Eine Stunde später ist die Farmerin dann aufgestanden, um wie jeden Morgen das Frühstück für ihre Kinder herzurichten. Keine fünf Minuten später, rumpelt es in der oberen Etage und Xander klebt an seiner Mutter. Wenn sie sein Gesicht sieht, geht in ihr die Sonne auf. „Mein kleiner Liebling." Sie geht auf die Knie und verwöhnt ihren Sohn mit Küssen. Inzwischen ist der Halbdämon zu schwer für sie geworden. Doch sein Vater kann ihn noch problemlos hochheben. „Haben du und Papa auch Spaß gehabt?" Sofort nickt er, was seine Mutter zum lachen bringt. „Später könnt ihr mir alles erzählen." Nun steht sie wieder auf und streicht ihm durch sein silbernes Haar. „Setz dich, mein Schatz. Ich mach dir Eier und Speck zum Frühstück." Nur eine kurze Zeit später kommt Zeldris herunter.
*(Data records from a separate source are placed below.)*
(* Consider the nonlinear program described in the context and the control-affine system $\dot x=-\nabla f(x)-\frac{\partial g}{\partial x}(x)^\top u-\frac{\partial h}{\partial x}(x)^\top v$ with inputs $(u,v)\in\mathcal{U}=\mathbb{R}^m_{\ge0}\times\mathbb{R}^k$. If MFCQ holds at every $x\in\mathcal{C}$, then there exists an open set $X$ containing $\mathcal{C}$ such that $\phi=(g,h):\mathbb{R}^n\to\mathbb{R}^{m+k}$ is an $(m,k)$-vector control barrier function of $\mathcal{C}$ on $X$ relative to $\mathcal{U}$ for this system.
   Context: Let $f:\mathbb{R}^n\to\mathbb{R}$, $g:\mathbb{R}^n\to\mathbb{R}^m$, $h:\mathbb{R}^n\to\mathbb{R}^k$ be continuously differentiable; program: minimize $f(x)$ subject to $g(x)\le0$, $h(x)=0$; feasible set $\mathcal{C}=\{x:g(x)\le0,h(x)=0\}$; $I_0(x)=\{i:g_i(x)=0\}$. MFCQ at $x$: $\{\nabla h_j(x)\}_{j=1}^k$ linearly independent and some $\xi$ has $\nabla h_j(x)^\top\xi=0$ for all $j$ and $\nabla g_i(x)^\top\xi<0$ for $i\in I_0(x)$. For a set $\mathcal{C}\subset X\subset\mathbb{R}^n$, a continuously differentiable $\phi:\mathbb{R}^n\to\mathbb{R}^{m+k}$ is an $(m,k)$-vector control barrier function of $\mathcal{C}$ on $X$ relative to $\mathcal{U}$ (for a control-affine system $\dot x=F_0(x)+\sum_\ell w_\ell F_\ell(x)$) if $\mathcal{C}=\{x:\phi_i(x)\le0,\ 1\le i\le m;\ \phi_j(x)=0,\ m<j\le m+k\}$ and there exists $\alpha>0$ such that, for all $x\in X$, the set of $w\in\mathcal{U}$ with $\nabla\phi_i(x)^\top(F_0(x)+\sum_\ell w_\ell F_\ell(x))+\alpha\phi_i(x)\le0$ for $1\le i\le m$ and $\nabla\phi_j(x)^\top(F_0(x)+\sum_\ell w_\ell F_\ell(x))+\alpha\phi_j(x)=0$ for $m<j\le m+k$ is nonempty. For the system above, with $G=\frac{\partial g}{\partial x}(x)$, $H=\frac{\partial h}{\partial x}(x)$, this set is $K_\alpha(x)=\{(u,v)\in\mathbb{R}^m_{\ge0}\times\mathbb{R}^k: -GG^\top u-GH^\top v\le G\nabla f(x)-\alpha g(x),\ -HG^\top u-HH^\top v=H\nabla f(x)-\alpha h(x)\}$. *)

theory Defs
  imports "HOL-Analysis.Analysis"
begin

definition grad :: "(real^'n \<Rightarrow> real) \<Rightarrow> real^'n \<Rightarrow> real^'n" where
  "grad p x = (SOME D. GDERIV p x :> D)"

definition C1_fun :: "(real^'n \<Rightarrow> real) \<Rightarrow> bool" where
  "C1_fun p \<longleftrightarrow> (\<forall>x. \<exists>D. GDERIV p x :> D) \<and> continuous_on UNIV (grad p)"

definition feasible_set ::
  "nat \<Rightarrow> nat \<Rightarrow> (nat \<Rightarrow> real^'n \<Rightarrow> real) \<Rightarrow> (nat \<Rightarrow> real^'n \<Rightarrow> real) \<Rightarrow> (real^'n) set" where
  "feasible_set m k g h = {x. (\<forall>i<m. g i x \<le> 0) \<and> (\<forall>j<k. h j x = 0)}"

definition MFCQ ::
  "nat \<Rightarrow> nat \<Rightarrow> (nat \<Rightarrow> real^'n \<Rightarrow> real) \<Rightarrow> (nat \<Rightarrow> real^'n \<Rightarrow> real) \<Rightarrow> real^'n \<Rightarrow> bool" where
  "MFCQ m k g h x \<longleftrightarrow>
     (\<forall>c::nat \<Rightarrow> real. (\<Sum>j<k. c j *\<^sub>R grad (h j) x) = 0 \<longrightarrow> (\<forall>j<k. c j = 0)) \<and>
     (\<exists>\<xi>. (\<forall>j<k. grad (h j) x \<bullet> \<xi> = 0) \<and> (\<forall>i<m. g i x = 0 \<longrightarrow> grad (g i) x \<bullet> \<xi> < 0))"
An ihm klebt Anunnaki, die noch einen schläfrigen Eindruck macht. „Morgen...", brummt der Dämon nicht gerade fröhlich. Als die kleine Halbdämonin ihre Mutter erblickt, ist sie auf einmal hellwach und will von ihr auf den Arm genommen werden. „Guten Morgen, Zeldris." Natalia nimmt ihre Tochter auf den Arm und verwöhnt auch sie mit ein paar Küssen. „Setz dich doch. Ich bring dir gleich etwas zu essen", sagt sie. Geschickt hat die Farmerin ihre Kleine auf einem Arm und mit dem anderen bereitet sie das Frühstück für ihren Sohn zu. Manchmal ist es nicht einfach, gleichzeitig Mutter und Hausfrau zu sein. „Daddy!" Anunnaki quietscht laut auf, als ihr Papa leise die Treppe herunterkommt und sie sofort auf den Arm nimmt. Estarossa drückt sie liebevoll an sich und schmust erstmal ein paar Minuten mit ihr. Sein markant, männliches Gesicht löst in Natalia immer starke Gefühle aus. „Du bist heute aber bald auf, habe ich dich aufgeweckt?" Doch der Dämon schüttelt den Kopf. „Nein, alles in Ordnung. Ich habe es nur nicht mehr ohne dich ausgehalten." Estarossa grinst, während Natalia hochrot anläuft.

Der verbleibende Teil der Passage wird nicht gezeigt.